Ep. 20 - Karina

3.3K 256 436
                                    

A consciência foi sendo recobrada aos poucos por Anita, que começava a sentir seus membros, seus movimentos. Quis abrir os olhos, mas suas pálpebras e sua cabeça estavam pesadas e doloridas. Sentia seu corpo anestesiado, como se estivesse quase dormente. Sua respiração estava pesada, assim como seu peito.

Passaram-se alguns segundos, ou minutos, ela não sabia ao certo, quando finalmente teve coragem de abrir os olhos, que se feriram ao sentirem a claridade adentrando suas órbitas. A agressividade dessa claridade em seus olhos foi acentuada pelo ambiente em que se encontrava: totalmente branco, as paredes, o teto, os lençóis em que repousava.

Só então Anita percebeu que estava deitada em uma cama, com um travesseiro fofo e confortável sob sua cabeça, e lençóis macios e sedosos sobre o seu corpo. Depois que seus olhos se acostumaram com a luz, ela olhou ao redor; parecia estar em um hospital.

Ela levou os olhos para a esquerda, e o que encontrou a surpreendeu: Verônica, sentada em uma poltrona ao seu lado, dormindo profunda e desconfortavelmente.
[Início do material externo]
lemma cost_perturbed_bounds:
  fixes e \<eta> z :: real
  assumes "finite C" "C \<noteq> {}" "0 < \<eta>" "0 \<le> z" "0 \<le> e"
    and moved: "\<And>i. i \<in> I \<Longrightarrow> 0 \<le> r i \<and> edist d (q i) (p i) \<le> e * r i"
    and weights: "\<And>i. i \<in> I \<Longrightarrow> 0 < w i \<and> 0 < w' i \<and> w' i \<le> (1 + e) * w i \<and> w i \<le> (1 + e) * w' i"
  defines "E \<equiv> (1 + 1 / \<eta>) powr z * (\<Sum>i\<in>I. w i * (e * r i) powr z)"
  shows "cost d z C I q w' \<le> (1 + e) * (1 + \<eta>) powr z * cost d z C I p w + (1 + e)\<^sup>2 * E"
    and "cost d z C I p w \<le> (1 + e) * (1 + \<eta>) powr z * cost d z C I q w' + (1 + e)\<^sup>2 * E"
proof -
  have "0 \<le> E"
    unfolding E_def using weights by (auto intro!: mult_nonneg_nonneg sum_nonneg simp: less_imp_le)
  have "1 + e \<le> (1 + e)\<^sup>2"
    using assms(5) by (simp add: power2_eq_square)
  have "cost d z C I q w' \<le> (1 + e) * ((1 + \<eta>) powr z * cost d z C I p w + E)"
    unfolding E_def using assms(1-4) moved weights by (intro cost_le_perturbed) (auto simp: less_imp_le)
  also have "\<dots> \<le> (1 + e) * (1 + \<eta>) powr z * cost d z C I p w + (1 + e)\<^sup>2 * E"
    using \<open>1 + e \<le> (1 + e)\<^sup>2\<close> \<open>0 \<le> E\<close> by (simp add: distrib_left mult_right_mono)
  finally show "cost d z C I q w' \<le> (1 + e) * (1 + \<eta>) powr z * cost d z C I p w + (1 + e)\<^sup>2 * E" .
  have "(\<Sum>i\<in>I. w' i * (e * r i) powr z) \<le> (1 + e) * (\<Sum>i\<in>I. w i * (e * r i) powr z)"
    unfolding sum_distrib_left using weights by (intro sum_mono) (simp add: mult.assoc[symmetric] mult_right_mono)
  then have "(1 + 1 / \<eta>) powr z * (\<Sum>i\<in>I. w' i * (e * r i) powr z)
      \<le> (1 + 1 / \<eta>) powr z * ((1 + e) * (\<Sum>i\<in>I. w i * (e * r i) powr z))"
    by (rule mult_left_mono) simp
  then have error': "(1 + 1 / \<eta>) powr z * (\<Sum>i\<in>I. w' i * (e * r i) powr z) \<le> (1 + e) * E"
    by (simp add: E_def mult.left_commute)
  have "cost d z C I p w \<le> (1 + e) * ((1 + \<eta>) powr z * cost d z C I q w'
      + (1 + 1 / \<eta>) powr z * (\<Sum>i\<in>I. w' i * (e * r i) powr z))"
    using assms(1-4) moved weights by (intro cost_le_perturbed) (auto simp: edist_commute less_imp_le)
  also have "\<dots> \<le> (1 + e) * ((1 + \<eta>) powr z * cost d z C I q w' + (1 + e) * E)"
    using error' assms(5) by (intro mult_left_mono add_left_mono) auto
  also have "\<dots> = (1 + e) * (1 + \<eta>) powr z * cost d z C I q w' + (1 + e)\<^sup>2 * E"
    by (simp add: power2_eq_square algebra_simps)
  finally show "cost d z C I p w \<le> (1 + e) * (1 + \<eta>) powr z * cost d z C I q w' + (1 + e)\<^sup>2 * E" .
qed

lemma mutual_perturbation_bounds:
  fixes A B a b \<epsilon> :: real
  assumes "0 \<le> A" "0 \<le> \<epsilon>" "\<epsilon> \<le> 1" "0 < a" "a \<le> 1 + \<epsilon> / 3" "b \<le> \<epsilon> / 3"
    and "B \<le> a * A + b * A" "A \<le> a * B + b * A"
  shows "(1 - \<epsilon>) * A \<le> B" "B \<le> (1 + \<epsilon>) * A"
proof -
  have "a * ((1 - \<epsilon>) * A) \<le> (1 + \<epsilon> / 3) * ((1 - \<epsilon>) * A)"
    using assms by (intro mult_right_mono) auto
  also have "\<dots> \<le> (1 - b) * A"
  proof -
    have "(1 + \<epsilon> / 3) * (1 - \<epsilon>) \<le> 1 - b"
    proof -
      have "(1 + \<epsilon> / 3) * (1 - \<epsilon>) = 1 - 2 * \<epsilon> / 3 - \<epsilon> * \<epsilon> / 3"
        by (simp add: field_simps)
      then show ?thesis
        using assms(2,6) mult_nonneg_nonneg[OF assms(2,2)] by linarith
    qed
    then show ?thesis
      using assms(1) by (subst mult.assoc[symmetric]) (rule mult_right_mono)
  qed
  also have "\<dots> \<le> a * B"
    using assms(8) by (simp add: algebra_simps)
  finally show "(1 - \<epsilon>) * A \<le> B"
    using assms(4) by simp
  have "(a + b) * A \<le> (1 + \<epsilon>) * A"
    using assms by (intro mult_right_mono) auto
  then show "B \<le> (1 + \<epsilon>) * A"
    using assms(7) by (simp add: distrib_right)
qed

lemma one_plus_powr_le_exp:
  fixes x z :: real
  assumes "0 \<le> x" "0 \<le> z"
  shows "(1 + x) powr z \<le> exp (x * z)"
proof -
  have "(1 + x) powr z \<le> exp x powr z"
    using assms by (intro powr_mono2) auto
  then show ?thesis
    by (simp add: exp_powr_real)
qed

lemma precision_le:
  fixes \<epsilon> z \<gamma> :: real
  assumes "0 < \<epsilon>" "\<epsilon> < 1/2" "1 \<le> z" "1 \<le> \<gamma>"
  shows "\<epsilon>\<^sup>2 / (54 * \<gamma> * z) \<le> \<epsilon> / 54"
proof -
  have "1 \<le> \<gamma> * z"
    using assms(3,4) mult_mono[of 1 \<gamma> 1 z] by simp
  then show ?thesis
    using assms(1,2) by (simp add: field_simps power2_eq_square mult_mono)
qed

lemma rounding_scale_factor_le:
  fixes \<epsilon> z e :: real
  assumes "0 < \<epsilon>" "\<epsilon> < 1/2" "0 < z" "0 \<le> e" "e \<le> \<epsilon> / 54"
  shows "(1 + e) * (1 + \<epsilon> / (8 * z)) powr z \<le> 1 + \<epsilon> / 3"
proof -
  have "(1 + \<epsilon> / (8 * z)) powr z \<le> exp (\<epsilon> / 8)"
    using one_plus_powr_le_exp[of "\<epsilon> / (8 * z)" z] assms(1,3) by simp
  also have "\<dots> \<le> 1 + \<epsilon> / 4"
    using exp_bound_lemma[of "\<epsilon> / 8"] assms(1,2) by simp
  finally have "(1 + e) * (1 + \<epsilon> / (8 * z)) powr z \<le> (1 + \<epsilon> / 54) * (1 + \<epsilon> / 4)"
    using assms(4,5) by (intro mult_mono) auto
  also have "\<dots> \<le> 1 + \<epsilon> / 3"
    using assms(1,2) by (simp add: field_simps power2_eq_square)
  finally show ?thesis .
qed

lemma rounding_error_factor_le:
  fixes \<epsilon> z \<gamma> e :: real
  assumes "0 < \<epsilon>" "\<epsilon> < 1/2" "1 \<le> z" "1 \<le> \<gamma>" "0 \<le> e" "e \<le> \<epsilon>\<^sup>2 / (54 * \<gamma> * z)"
  defines "\<eta> \<equiv> \<epsilon> / (8 * z)"
  shows "(1 + e)\<^sup>2 * (\<gamma> * ((1 + 1 / \<eta>) powr z * e powr z)) \<le> \<epsilon> / 3"
proof -
  have "(1 + 1 / \<eta>) * e \<le> 9 * z / \<epsilon> * e"
    using assms(1-3,5) by (intro mult_right_mono) (auto simp: \<eta>_def field_simps)
  also have "\<dots> \<le> \<epsilon> / (6 * \<gamma>)"
    using assms(1,3,4,6) by (simp add: field_simps power2_eq_square)
  finally have small: "(1 + 1 / \<eta>) * e \<le> \<epsilon> / (6 * \<gamma>)" .
  moreover have "\<epsilon> / (6 * \<gamma>) \<le> 1"
    using assms(2,4) by (simp add: field_simps)
  moreover have "0 < \<eta>"
    using assms(1,3) by (simp add: \<eta>_def)
  ultimately have "((1 + 1 / \<eta>) * e) powr z \<le> (1 + 1 / \<eta>) * e"
    using powr_mono'[of 1 z "(1 + 1 / \<eta>) * e"] assms(3,5) by simp
  then have K: "(1 + 1 / \<eta>) powr z * e powr z \<le> \<epsilon> / (6 * \<gamma>)"
    using small \<open>0 < \<eta>\<close> assms(5) by (simp add: powr_mult)
  have "e \<le> \<epsilon> / 54"
    using precision_le[OF assms(1-4)] assms(6) by linarith
  then have "(1 + e)\<^sup>2 \<le> (1 + 1 / 108)\<^sup>2"
    using assms(2,5) by (intro power_mono) auto
  also have "\<dots> \<le> 2"
    by (simp add: power2_eq_square)
  finally have "(1 + e)\<^sup>2 * (\<gamma> * ((1 + 1 / \<eta>) powr z * e powr z)) \<le> 2 * (\<gamma> * (\<epsilon> / (6 * \<gamma>)))"
    using K assms(4) by (intro mult_mono) auto
  then show ?thesis
    using assms(4) by simp
qed

lemma cost_rounded_dataset_bounds:
  fixes \<gamma> \<epsilon> z e :: real
  assumes "1 \<le> \<gamma>" "0 < \<epsilon>" "\<epsilon> < 1/2" "1 \<le> z"
    and w_pos: "\<And>i. i \<in> I \<Longrightarrow> 0 < w i"
    and "finite C'" and approx: "cost d z C' I p w \<le> \<gamma> * opt d z k I p w"
    and nearest: "\<And>i. i \<in> I \<Longrightarrow> cl i \<in> C' \<and> (\<forall>c\<in>C'. edist d (p i) (cl i) \<le> edist d (p i) c)"
    and e: "0 \<le> e" "e \<le> \<epsilon>\<^sup>2 / (54 * \<gamma> * z)"
    and rounded: "\<And>i. i \<in> I \<Longrightarrow> (\<forall>j<d. rounds e (p i j - cl i j) (y i j)) \<and> rounds e (w i) (w' i)"
    and C: "C \<subseteq> Rd d" "finite C" "C \<noteq> {}" "card C \<le> k"
  shows "(1 - \<epsilon>) * cost d z C I p w \<le> cost d z C I (\<lambda>i j. cl i j + y i j) w'"
    and "cost d z C I (\<lambda>i j. cl i j + y i j) w' \<le> (1 + \<epsilon>) * cost d z C I p w"
proof -
  define \<eta> where "\<eta> = \<epsilon> / (8 * z)"
  define q where "q = (\<lambda>i j. cl i j + y i j)"
  define r where "r i = edist d (p i) (cl i)" for i
  define A where "A = cost d z C I p w"
  define K where "K = (1 + 1 / \<eta>) powr z * e powr z"
  have "0 < \<eta>" "0 \<le> z"
    using assms(2,4) by (simp_all add: \<eta>_def)
  have "K * cost d z C' I p w \<le> K * (\<gamma> * A)"
    unfolding A_def using approx_cost_le[OF approx _ C] assms(1) w_pos
    by (intro mult_left_mono) (auto simp: K_def less_imp_le)
  then have "(1 + e)\<^sup>2 * (K * cost d z C' I p w) \<le> (1 + e)\<^sup>2 * (K * (\<gamma> * A))"
    by (rule mult_left_mono) simp
  moreover have "(1 + 1 / \<eta>) powr z * (\<Sum>i\<in>I. w i * (e * r i) powr z) = K * cost d z C' I p w"
    unfolding r_def K_def using \<open>finite C'\<close> \<open>0 \<le> z\<close> e(1) nearest by (simp add: sum_scaled_nearest_powr)
  ultimately have "(1 + e)\<^sup>2 * ((1 + 1 / \<eta>) powr z * (\<Sum>i\<in>I. w i * (e * r i) powr z))
      \<le> (1 + e)\<^sup>2 * (\<gamma> * K) * A"
    by (simp only: ac_simps)
  moreover have "0 \<le> r i \<and> edist d (q i) (p i) \<le> e * r i" if "i \<in> I" for i
    unfolding q_def r_def using rounded[OF that] e(1)
    by (auto intro!: edist_add_rounded_offset simp: edist_nonneg)
  moreover have "0 < w i \<and> 0 < w' i \<and> w' i \<le> (1 + e) * w i \<and> w i \<le> (1 + e) * w' i" if "i \<in> I" for i
    using rounds_pos[of e "w i" "w' i"] rounded[OF that] w_pos[OF that] by auto
  ultimately have "cost d z C I q w' \<le> (1 + e) * (1 + \<eta>) powr z * A + (1 + e)\<^sup>2 * (\<gamma> * K) * A"
    and "A \<le> (1 + e) * (1 + \<eta>) powr z * cost d z C I q w' + (1 + e)\<^sup>2 * (\<gamma> * K) * A"
    using cost_perturbed_bounds[OF C(2,3) \<open>0 < \<eta>\<close> \<open>0 \<le> z\<close> e(1), of I r d q p w w']
    unfolding A_def by fastforce+
  moreover have "e \<le> \<epsilon> / 54"
    using precision_le[OF assms(2,3,4,1)] e(2) by linarith
  then have "(1 + e) * (1 + \<eta>) powr z \<le> 1 + \<epsilon> / 3" "(1 + e)\<^sup>2 * (\<gamma> * K) \<le> \<epsilon> / 3"
    unfolding \<eta>_def K_def using rounding_scale_factor_le rounding_error_factor_le assms(1-4) e by auto
  moreover have "0 \<le> A"
    unfolding A_def using C(2,3) w_pos by (intro cost_nonneg) (auto simp: less_imp_le)
  ultimately show "(1 - \<epsilon>) * cost d z C I p w \<le> cost d z C I (\<lambda>i j. cl i j + y i j) w'"
    and "cost d z C I (\<lambda>i j. cl i j + y i j) w' \<le> (1 + \<epsilon>) * cost d z C I p w"
    using mutual_perturbation_bounds[of A \<epsilon> "(1 + e) * (1 + \<eta>) powr z" "(1 + e)\<^sup>2 * (\<gamma> * K)"]
      assms(2,3) e(1) \<open>0 < \<eta>\<close> unfolding A_def q_def by simp_all
qed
A delegada sorriu de canto, sentindo os músculos do rosto reclamarem um pouco, observando a escrivã repousar a cabeça por sobre o ombro. Parecia exausta, como se não dormisse bem há dias, mas mesmo assim, era incrível como ficava linda dormindo.
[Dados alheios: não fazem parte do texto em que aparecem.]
text \<open>A generalized matrix ring (Morita context) U = [A M; N B].  Elements of U are quadruples
  (A, M, N, B) standing for the matrix with rows (A M) and (N B).\<close>

record ('a, 'b, 'm, 'n) gmr =
  actAM :: "'a \<Rightarrow> 'm \<Rightarrow> 'm"
  actMB :: "'m \<Rightarrow> 'b \<Rightarrow> 'm"
  actBN :: "'b \<Rightarrow> 'n \<Rightarrow> 'n"
  actNA :: "'n \<Rightarrow> 'a \<Rightarrow> 'n"
  pairMN :: "'m \<Rightarrow> 'n \<Rightarrow> 'a"
  pairNM :: "'n \<Rightarrow> 'm \<Rightarrow> 'b"

locale generalized_matrix_ring =
  fixes R :: "('a::ring_1, 'b::ring_1, 'm::ab_group_add, 'n::ab_group_add) gmr"
  assumes
    AM_add1: "\<And>a a' x. actAM R (a + a') x = actAM R a x + actAM R a' x"
and AM_add2: "\<And>a x x'. actAM R a (x + x') = actAM R a x + actAM R a x'"
and AM_assoc: "\<And>a a' x. actAM R (a * a') x = actAM R a (actAM R a' x)"
and AM_one: "\<And>x. actAM R 1 x = x"
and MB_add1: "\<And>x x' b. actMB R (x + x') b = actMB R x b + actMB R x' b"
and MB_add2: "\<And>x b b'. actMB R x (b + b') = actMB R x b + actMB R x b'"
and MB_assoc: "\<And>x b b'. actMB R x (b * b') = actMB R (actMB R x b) b'"
and MB_one: "\<And>x. actMB R x 1 = x"
and AMB_assoc: "\<And>a x b. actMB R (actAM R a x) b = actAM R a (actMB R x b)"
and BN_add1: "\<And>b b' y. actBN R (b + b') y = actBN R b y + actBN R b' y"
and BN_add2: "\<And>b y y'. actBN R b (y + y') = actBN R b y + actBN R b y'"
and BN_assoc: "\<And>b b' y. actBN R (b * b') y = actBN R b (actBN R b' y)"
and BN_one: "\<And>y. actBN R 1 y = y"
and NA_add1: "\<And>y y' a. actNA R (y + y') a = actNA R y a + actNA R y' a"
and NA_add2: "\<And>y a a'. actNA R y (a + a') = actNA R y a + actNA R y a'"
and NA_assoc: "\<And>y a a'. actNA R y (a * a') = actNA R (actNA R y a) a'"
and NA_one: "\<And>y. actNA R y 1 = y"
and BNA_assoc: "\<And>b y a. actNA R (actBN R b y) a = actBN R b (actNA R y a)"
and MN_add1: "\<And>x x' y. pairMN R (x + x') y = pairMN R x y + pairMN R x' y"
and MN_add2: "\<And>x y y'. pairMN R x (y + y') = pairMN R x y + pairMN R x y'"
and MN_bal: "\<And>x b y. pairMN R (actMB R x b) y = pairMN R x (actBN R b y)"
and MN_left: "\<And>a x y. pairMN R (actAM R a x) y = a * pairMN R x y"
and MN_right: "\<And>x y a. pairMN R x (actNA R y a) = pairMN R x y * a"
and NM_add1: "\<And>y y' x. pairNM R (y + y') x = pairNM R y x + pairNM R y' x"
and NM_add2: "\<And>y x x'. pairNM R y (x + x') = pairNM R y x + pairNM R y x'"
and NM_bal: "\<And>y a x. pairNM R (actNA R y a) x = pairNM R y (actAM R a x)"
and NM_left: "\<And>b y x. pairNM R (actBN R b y) x = b * pairNM R y x"
and NM_right: "\<And>y x b. pairNM R y (actMB R x b) = pairNM R y x * b"
and MNM_assoc: "\<And>x y x'. actAM R (pairMN R x y) x' = actMB R x (pairNM R y x')"
and NMN_assoc: "\<And>y x y'. actBN R (pairNM R y x) y' = actNA R y (pairMN R x y')"
and faithful_left: "\<And>a. (\<forall>x. actAM R a x = 0) \<Longrightarrow> a = 0"
and faithful_right: "\<And>b. (\<forall>x. actMB R x b = 0) \<Longrightarrow> b = 0"

type_synonym ('a, 'b, 'm, 'n) gmat = "'a \<times> 'm \<times> 'n \<times> 'b"

fun gm_mult :: "('a::ring_1, 'b::ring_1, 'm::ab_group_add, 'n::ab_group_add) gmr \<Rightarrow>
    ('a, 'b, 'm, 'n) gmat \<Rightarrow> ('a, 'b, 'm, 'n) gmat \<Rightarrow> ('a, 'b, 'm, 'n) gmat" where
  "gm_mult R (a, x, y, b) (a', x', y', b') =
     (a * a' + pairMN R x y',
      actAM R a x' + actMB R x b',
      actNA R y a' + actBN R b y',
      pairNM R y x' + b * b')"

definition gm_one :: "('a::ring_1, 'b::ring_1, 'm::ab_group_add, 'n::ab_group_add) gmat" where
  "gm_one = (1, 0, 0, 1)"

definition gm_jordan :: "('a::ring_1, 'b::ring_1, 'm::ab_group_add, 'n::ab_group_add) gmr \<Rightarrow>
    ('a, 'b, 'm, 'n) gmat \<Rightarrow> ('a, 'b, 'm, 'n) gmat \<Rightarrow> ('a, 'b, 'm, 'n) gmat" where
  "gm_jordan R X Y = gm_mult R X Y + gm_mult R Y X"

definition gm_center :: "('a::ring_1, 'b::ring_1, 'm::ab_group_add, 'n::ab_group_add) gmr \<Rightarrow>
    ('a, 'b, 'm, 'n) gmat set" where
  "gm_center R = {X. \<forall>Y. gm_mult R X Y = gm_mult R Y X}"

definition two_torsion_free :: "'r::ab_group_add itself \<Rightarrow> bool" where
  "two_torsion_free _ \<longleftrightarrow> (\<forall>x::'r. x + x = 0 \<longrightarrow> x = 0)"

end

theory Submission
  imports Defs
begin

text \<open>Write \<open>e\<^sub>1 = diag(1,0)\<close>, \<open>e\<^sub>2 = diag(0,1)\<close> and \<open>D(U,V) = \<phi>(U)\<circ>V + U\<circ>\<phi>(V)\<close>.
  \<open>D\<close> is biadditive and vanishes on two-sided zero products. From \<open>D(e\<^sub>1,e\<^sub>2) = 0\<close> and
  2-torsion freeness, \<open>\<phi>(I) = \<phi>(e\<^sub>1) + \<phi>(e\<^sub>2)\<close> is a diagonal matrix \<open>diag(a,b)\<close>. For an
  off-diagonal \<open>X\<close> in the \<open>\<M>\<close>- or \<open>\<N>\<close>-corner, \<open>e\<^sub>1 + X\<close> and \<open>e\<^sub>2 - X\<close> annihilate each other,
  so expanding \<open>D(e\<^sub>1 + X, e\<^sub>2 - X) = 0\<close> gives \<open>D(X,e\<^sub>2) = D(e\<^sub>1,X)\<close>, whose off-diagonal
  entry says \<open>aM = Mb\<close> and \<open>Na = bN\<close>. Faithfulness of \<open>\<M>\<close> then makes \<open>a\<close> and \<open>b\<close> central,
  so \<open>diag(a,b)\<close> is central.\<close>

context generalized_matrix_ring
begin

lemma gmr_zero_simps[simp]:
  "actAM R a 0 = 0" "actAM R 0 x = 0" "actMB R x 0 = 0" "actMB R 0 b = 0"
  "actBN R b 0 = 0" "actBN R 0 y = 0" "actNA R y 0 = 0" "actNA R 0 a = 0"
  "pairMN R x 0 = 0" "pairMN R 0 y = 0" "pairNM R y 0 = 0" "pairNM R 0 x = 0"
  using AM_add1[of 0 0 x] AM_add2[of a 0 0] MB_add1[of 0 0 b] MB_add2[of x 0 0]
    BN_add1[of 0 0 y] BN_add2[of b 0 0] NA_add1[of 0 0 a] NA_add2[of y 0 0]
    MN_add1[of 0 0 y] MN_add2[of x 0 0] NM_add1[of 0 0 x] NM_add2[of y 0 0]
  by auto

lemma gmr_minus_simps[simp]:
  "actAM R (-a) x = - actAM R a x" "actAM R a (-x) = - actAM R a x"
  "actMB R (-x) b = - actMB R x b" "actMB R x (-b) = - actMB R x b"
  "actBN R (-b) y = - actBN R b y" "actBN R b (-y) = - actBN R b y"
  "actNA R (-y) a = - actNA R y a" "actNA R y (-a) = - actNA R y a"
  "pairMN R (-x) y = - pairMN R x y" "pairMN R x (-y) = - pairMN R x y"
  "pairNM R (-y) x = - pairNM R y x" "pairNM R y (-x) = - pairNM R y x"
  using AM_add1[of a "-a" x] AM_add2[of a x "-x"] MB_add1[of x "-x" b] MB_add2[of x b "-b"]
    BN_add1[of b "-b" y] BN_add2[of b y "-y"] NA_add1[of y "-y" a] NA_add2[of y a "-a"]
    MN_add1[of x "-x" y] MN_add2[of x y "-y"] NM_add1[of y "-y" x] NM_add2[of y x "-x"]
  by (simp_all add: add_eq_0_iff)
Anita limpou a garganta de leve, sentindo-a seca.

- Você vai acabar ficando toda torta desde jeito. - Disse a delegada, a voz rouca pelo desuso.

A escrivã despertou de supetão ao ouvir a voz de Anita, seus olhos tontos buscando pelo rosto da delegada. Ao vê-lo desperto e com um sorriso fraco, o rosto de Verônica se iluminou.

- Meu Deus, você acordou. - Ela se ergueu na poltrona, se aproximando da ponta do assento e repousando a mão sobre a mão de Anita - Não acredito, você realmente acordou. - Ela repousou a outra mão no rosto da delegada, os olhos brilhando de incredulidade admirada e emocionada ao ver Anita consciente - Você tá acordada. Meu Deus.

- Ei, tá bom, calma. - Anita riu, um riso fraco, mas sincero - Não precisa disso tudo também.

Verônica sorriu, erguendo a mão de Anita que segurava e dando um beijo, sentando-se para trás novamente na poltrona.

- Ai. - A delegada ajeitou a postura na cama, sentindo o corpo reclamar - Por que todas as vezes que eu tento te ajudar, eu acabo numa cama de hospital?

Verônica soltou uma risada curta, mas que não tinha nenhum resquício de alegria. Era uma risada pesada, triste. Ela tirou a mão sobre a de Anita, colocando-as sobre o colo e encarando-as. Seus ombros pesaram.

- Você já ouviu a história do Toque de Midas? - Começou Verônica, a voz baixa e cheia de pesar - É um mito grego sobre um rei, o Rei Midas, que era muito ambicioso e amava riquezas. Um dia, ele fez um favor para o deus Baco, que concedeu a ele um pedido. O Rei pediu para que tudo que ele tocasse virasse ouro. Baco concedeu.

A escrivã apertava os próprios dedos, como que incerta de como agir, o que fazer, o que falar. Anita nada falou, sentindo que não era uma conversa com espaço para que ela dissesse algo, apenas escutasse, querendo entender aonde Verônica queria chegar.

- Enfim, tudo que Midas tocava virava ouro e ele amava. Até que ele ficou sem poder comer, porque as comidas também viravam ouro. - A voz da escrivã era mansa, quase tímida, como se pedisse desculpas - E a filha dele encostou nele, e virou ouro. Ele perdeu tudo. Ele pediu misericórdia a Baco, que concedeu, e disse pra ele banhar as coisas que viraram ouro na água de um rio. Midas recuperou o que tinha destruído, inclusive a filha, que era seu bem mais precioso.

Anita continuou ouvindo, sem saber ao certo aonde Verônica queria ir com essa história mitológica - que a delegada já conhecia, mas não queria interromper qualquer que fosse o objetivo da escrivã em trazer a história.